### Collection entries
───

lemma q_binomial_sum:
  "(\<Sum>k\<le>N. qpoch u q k * u ^ (N - k) / (qfac k * qfac (N - k))) = 1 / qfac N"
proof (induction N arbitrary: u)
  case (Suc N)
  have nz: "qfac n \<noteq> 0" for n
    by (rule qpoch_q_nonzero)
  have nz_Suc: "1 - of_real q * of_real q ^ m \<noteq> (0 :: complex)" for m
    using mult_power_neq_1[of "of_real q" m] q_pos q_less_1 by auto
  define f where "f j = qpoch u q j * u ^ (Suc N - j) / (qfac j * qfac (Suc N - j))" for j
  \<comment> \<open>Split \<open>1 - q^(N+1) = (1 - q^(N+1-j)) + q^(N+1-j) (1 - q^j)\<close>: the first part shortens
     \<open>qfac (N + 1 - j)\<close>, the second shortens \<open>qfac j\<close> and turns \<open>u\<close> into \<open>u q\<close>.\<close>
  have split: "(1 - of_real q ^ Suc N) * f j
      = f j * (1 - of_real q ^ (Suc N - j)) + f j * of_real q ^ (Suc N - j) * (1 - of_real q ^ j)"
    if "j \<le> Suc N" for j
  proof -
    have "of_real q ^ (Suc N - j) * of_real q ^ j = (of_real q ^ Suc N :: complex)"
      using that by (simp flip: power_add)
    then show ?thesis by (simp add: algebra_simps)
  qed
  have first: "(\<Sum>j\<le>Suc N. f j * (1 - of_real q ^ (Suc N - j))) = u * (1 / qfac N)"
  proof -
    have "f j * (1 - of_real q ^ (Suc N - j))
        = u * (qpoch u q j * u ^ (N - j) / (qfac j * qfac (N - j)))" if "j \<le> N" for j
    proof -
      from that have "Suc N - j = Suc (N - j)" by auto
      then show ?thesis
        unfolding f_def using nz[of j] nz[of "N - j"] nz_Suc[of "N - j"]
        by (simp add: qpoch_Suc field_simps)
    qed
    then have "(\<Sum>j\<le>Suc N. f j * (1 - of_real q ^ (Suc N - j)))
        = u * (\<Sum>j\<le>N. qpoch u q j * u ^ (N - j) / (qfac j * qfac (N - j)))"
      by (simp add: sum.atMost_Suc sum_distrib_left)
    then show ?thesis by (simp only: Suc.IH)
  qed
  have second: "(\<Sum>j\<le>Suc N. f j * of_real q ^ (Suc N - j) * (1 - of_real q ^ j))
      = (1 - u) * (1 / qfac N)"
  proof -
    have "f (Suc i) * of_real q ^ (Suc N - Suc i) * (1 - of_real q ^ Suc i)
        = (1 - u) * (qpoch (u * of_real q) q i * (u * of_real q) ^ (N - i)
                     / (qfac i * qfac (N - i)))"
      for i
      unfolding f_def using nz[of i] nz[of "N - i"] nz_Suc[of i]
      by (simp add: qpoch_Suc'[of u] qpoch_Suc[of "of_real q" q i] field_simps power_mult_distrib)
    then have "(\<Sum>j\<le>Suc N. f j * of_real q ^ (Suc N - j) * (1 - of_real q ^ j))
        = (1 - u) * (\<Sum>i\<le>N. qpoch (u * of_real q) q i * (u * of_real q) ^ (N - i)
                                / (qfac i * qfac (N - i)))"
      unfolding sum.atMost_Suc_shift by (simp add: sum_distrib_left)
    then show ?thesis by (simp only: Suc.IH)
  qed
  have "(1 - of_real q ^ Suc N) * (\<Sum>j\<le>Suc N. f j)
      = (\<Sum>j\<le>Suc N. f j * (1 - of_real q ^ (Suc N - j))
                      + f j * of_real q ^ (Suc N - j) * (1 - of_real q ^ j))"
    unfolding sum_distrib_left by (intro sum.cong refl split) auto
  also have "\<dots> = u * (1 / qfac N) + (1 - u) * (1 / qfac N)"
    by (simp only: sum.distrib first second)
  also have "\<dots> = 1 / qfac N"
    by (simp flip: add_divide_distrib)
  finally have "(1 - of_real q ^ Suc N) * (\<Sum>j\<le>Suc N. f j) = 1 / qfac N" .
  moreover have "1 - of_real q ^ Suc N \<noteq> (0 :: complex)"
    using nz_Suc[of N] by simp
  ultimately have "(\<Sum>j\<le>Suc N. f j) = 1 / qfac N / (1 - of_real q ^ Suc N)"
    by (metis nonzero_mult_div_cancel_left)
  then show ?case
    by (simp add: f_def qpoch_Suc)
qed simp

lemma q_binomial_sum_scaled:
  assumes "u * z = of_real q"
  shows "(\<Sum>k\<le>N. qpoch u q k * z ^ k * of_real q ^ (N - k) / (qfac k * qfac (N - k)))
         = z ^ N / qfac N"
proof -
  have "qpoch u q k * z ^ k * of_real q ^ (N - k) / (qfac k * qfac (N - k))
      = z ^ N * (qpoch u q k * u ^ (N - k) / (qfac k * qfac (N - k)))" if "k \<le> N" for k
  proof -
    have "z ^ k * of_real q ^ (N - k) = z ^ (k + (N - k)) * u ^ (N - k)"
      by (simp flip: assms add: power_add power_mult_distrib)
    with that show ?thesis by simp
  qed
  then have "(\<Sum>k\<le>N. qpoch u q k * z ^ k * of_real q ^ (N - k) / (qfac k * qfac (N - k)))
      = z ^ N * (\<Sum>k\<le>N. qpoch u q k * u ^ (N - k) / (qfac k * qfac (N - k)))"
    unfolding sum_distrib_left by (intro sum.cong) auto
  then show ?thesis
    by (simp add: q_binomial_sum)
qed

lemma q_binomial_convolution:
  assumes "u * z = of_real q"
  shows "(\<Sum>k\<le>M. qpoch u q k * z ^ k / qfac k * (\<Sum>n\<le>M - k. V (k + n) * of_real q ^ n / qfac n))
         = (\<Sum>N\<le>M. V N * z ^ N / qfac N)"
proof -
  define X where "X k n = V (k + n) * (qpoch u q k * z ^ k * of_real q ^ n / (qfac k * qfac n))"
    for k n
  have "(\<Sum>k\<le>M. qpoch u q k * z ^ k / qfac k * (\<Sum>n\<le>M - k. V (k + n) * of_real q ^ n / qfac n))
      = (\<Sum>k\<le>M. \<Sum>n\<le>M - k. X k n)"
    by (simp add: X_def sum_distrib_left mult_ac)
  also have "\<dots> = (\<Sum>(k, n)\<in>{(k, n). k + n \<le> M}. X k n)"
    by (subst sum.Sigma) (auto intro!: sum.cong)
  also have "\<dots> = (\<Sum>N\<le>M. \<Sum>k\<le>N. X k (N - k))"
    by (rule sum.triangle_reindex_eq)
  also have "\<dots> = (\<Sum>N\<le>M. V N * z ^ N / qfac N)"
  proof (rule sum.cong[OF refl])
    fix N
    have "(\<Sum>k\<le>N. X k (N - k))
        = V N * (\<Sum>k\<le>N. qpoch u q k * z ^ k * of_real q ^ (N - k) / (qfac k * qfac (N - k)))"
      unfolding X_def sum_distrib_left by (intro sum.cong) auto
    then show "(\<Sum>k\<le>N. X k (N - k)) = V N * z ^ N / qfac N"
      by (simp add: q_binomial_sum_scaled[OF assms])
  qed
  finally show ?thesis .
qed

lemma phi32_expansion:
  assumes "r * of_real (q ^ M) = 1" "u * z = of_real q"
  shows "(\<Sum>k\<le>M. qpoch r q k * qpoch f q k * qpoch g q k * qpoch u q k * z ^ k
              / (qpoch v q k * qpoch w q k * qfac k)
           * phi32 (r * of_real (q ^ k)) (f * of_real (q ^ k)) (g * of_real (q ^ k))
                   (v * of_real (q ^ k)) (w * of_real (q ^ k)) q (of_real q))
         = phi32 r f g v w q z"
proof -
  define V where "V N = qpoch r q N * qpoch f q N * qpoch g q N / (qpoch v q N * qpoch w q N)" for N
  have summand: "qpoch r q k * qpoch f q k * qpoch g q k * qpoch u q k * z ^ k
              / (qpoch v q k * qpoch w q k * qfac k)
           * phi32 (r * of_real (q ^ k)) (f * of_real (q ^ k)) (g * of_real (q ^ k))
                   (v * of_real (q ^ k)) (w * of_real (q ^ k)) q (of_real q)
      = qpoch u q k * z ^ k / qfac k * (\<Sum>n\<le>M - k. V (k + n) * of_real q ^ n / qfac n)"
    if "k \<le> M" for k
    using qpoch_terminating[OF assms(1) that]
    by (subst phi32_terminating[of "M - k"])
      (auto simp: V_def qpoch_add sum_distrib_left divide_inverse mult_ac intro!: sum.cong)
  have "(\<Sum>k\<le>M. qpoch r q k * qpoch f q k * qpoch g q k * qpoch u q k * z ^ k
              / (qpoch v q k * qpoch w q k * qfac k)
           * phi32 (r * of_real (q ^ k)) (f * of_real (q ^ k)) (g * of_real (q ^ k))
                   (v * of_real (q ^ k)) (w * of_real (q ^ k)) q (of_real q))
      = (\<Sum>N\<le>M. V N * z ^ N / qfac N)"
    unfolding q_binomial_convolution[OF assms(2), symmetric]
    by (rule sum.cong[OF refl], rule summand) simp
  also have "\<dots> = phi32 r f g v w q z"
    using qpoch_terminating[OF assms(1), of 0]
    by (subst phi32_terminating[of M]) (auto simp: V_def intro!: sum.cong)
  finally show ?thesis .
qed

end

section \<open>Jackson integrals and dominated limits\<close>

lemma jackson0_cong:
  "(\<And>n. F (x * of_real (q ^ n)) = G (x * of_real (q ^ n))) \<Longrightarrow> jackson0 F q x = jackson0 G q x"
  by (simp add: jackson0_def)

lemma jackson0_diff:
  assumes "summable (\<lambda>n. F (x * of_real (q ^ n)) * of_real (q ^ n))"
    and "summable (\<lambda>n. G (x * of_real (q ^ n)) * of_real (q ^ n))"
  shows "jackson0 (\<lambda>t. F t - G t) q x = jackson0 F q x - jackson0 G q x"
  unfolding jackson0_def using suminf_diff[OF assms] by (simp add: algebra_simps)

lemma jackson0_cmult:
  assumes "summable (\<lambda>n. F (x * of_real (q ^ n)) * of_real (q ^ n))"
  shows "jackson0 (\<lambda>t. A * F t) q x = A * jackson0 F q x"
  unfolding jackson0_def using suminf_mult[OF assms, of A] by (simp add: mult_ac)

lemma jackson0_sum:
  assumes "\<And>k. k \<in> K \<Longrightarrow> summable (\<lambda>n. F k (x * of_real (q ^ n)) * of_real (q ^ n))"
  shows "jackson0 (\<lambda>t. \<Sum>k\<in>K. F k t) q x = (\<Sum>k\<in>K. jackson0 (F k) q x)"
proof -
  have "(\<Sum>n. \<Sum>k\<in>K. F k (x * of_real (q ^ n)) * of_real (q ^ n))
      = (\<Sum>k\<in>K. \<Sum>n. F k (x * of_real (q ^ n)) * of_real (q ^ n))"
    by (rule suminf_sum) (rule assms)
  then show ?thesis
    unfolding jackson0_def by (simp add: sum_distrib_left sum_distrib_right)
qed

lemma jackson0_q_difference:
  assumes "x \<noteq> 0" "q \<noteq> 0" "(\<lambda>n. G (x * of_real (q ^ n))) \<longlonglongrightarrow> L"
  shows "jackson0 (\<lambda>t. (G t - G (of_real q * t)) / t) q x = of_real (1 - q) * (G x - L)"
proof -
  have "(\<lambda>n. G (x * of_real (q ^ n)) - G (x * of_real (q ^ Suc n))) sums (G x - L)"
    using telescope_sums'[OF assms(3)] by simp
  then have "(\<lambda>n. (G (x * of_real (q ^ n)) - G (x * of_real (q ^ Suc n))) / x) sums ((G x - L) / x)"
    by (rule sums_divide)
  moreover have "(G (x * of_real (q ^ n)) - G (of_real q * (x * of_real (q ^ n))))
      / (x * of_real (q ^ n)) * of_real (q ^ n)
      = (G (x * of_real (q ^ n)) - G (x * of_real (q ^ Suc n))) / x" for n
    using assms(2) by (simp add: mult_ac)
  ultimately have "(\<lambda>n. (G (x * of_real (q ^ n)) - G (of_real q * (x * of_real (q ^ n))))
                  / (x * of_real (q ^ n)) * of_real (q ^ n)) sums ((G x - L) / x)"
    by simp
  then show ?thesis
    using assms(1) unfolding jackson0_def by (simp add: sums_iff)
qed

context q_base
begin

lemma summable_convergent_mult_power:
  assumes "convergent (X :: nat \<Rightarrow> complex)"
  shows "summable (\<lambda>n. X n * of_real (q ^ n))"
proof -
  obtain B where "\<And>n. norm (X n) \<le> B"
    using convergent_imp_Bseq[OF assms] by (auto simp: Bseq_def)
  then have bound: "norm (X n * of_real (q ^ n)) \<le> B * q ^ n" for n
    using q_pos by (simp add: norm_mult norm_power mult_right_mono)
  have "summable (\<lambda>n. B * q ^ n)"
    using q_pos q_less_1 by (intro summable_mult summable_geometric) auto
  then show ?thesis
    using bound by (rule summable_comparison_test')
qed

───

### Aim of the exercise
The expected answer is a copy of each line in the records that holds the word "complex".

### Solution to this exercise
  have nz_Suc: "1 - of_real q * of_real q ^ m \<noteq> (0 :: complex)" for m
    have "of_real q ^ (Suc N - j) * of_real q ^ j = (of_real q ^ Suc N :: complex)"
  moreover have "1 - of_real q ^ Suc N \<noteq> (0 :: complex)"
  assumes "convergent (X :: nat \<Rightarrow> complex)"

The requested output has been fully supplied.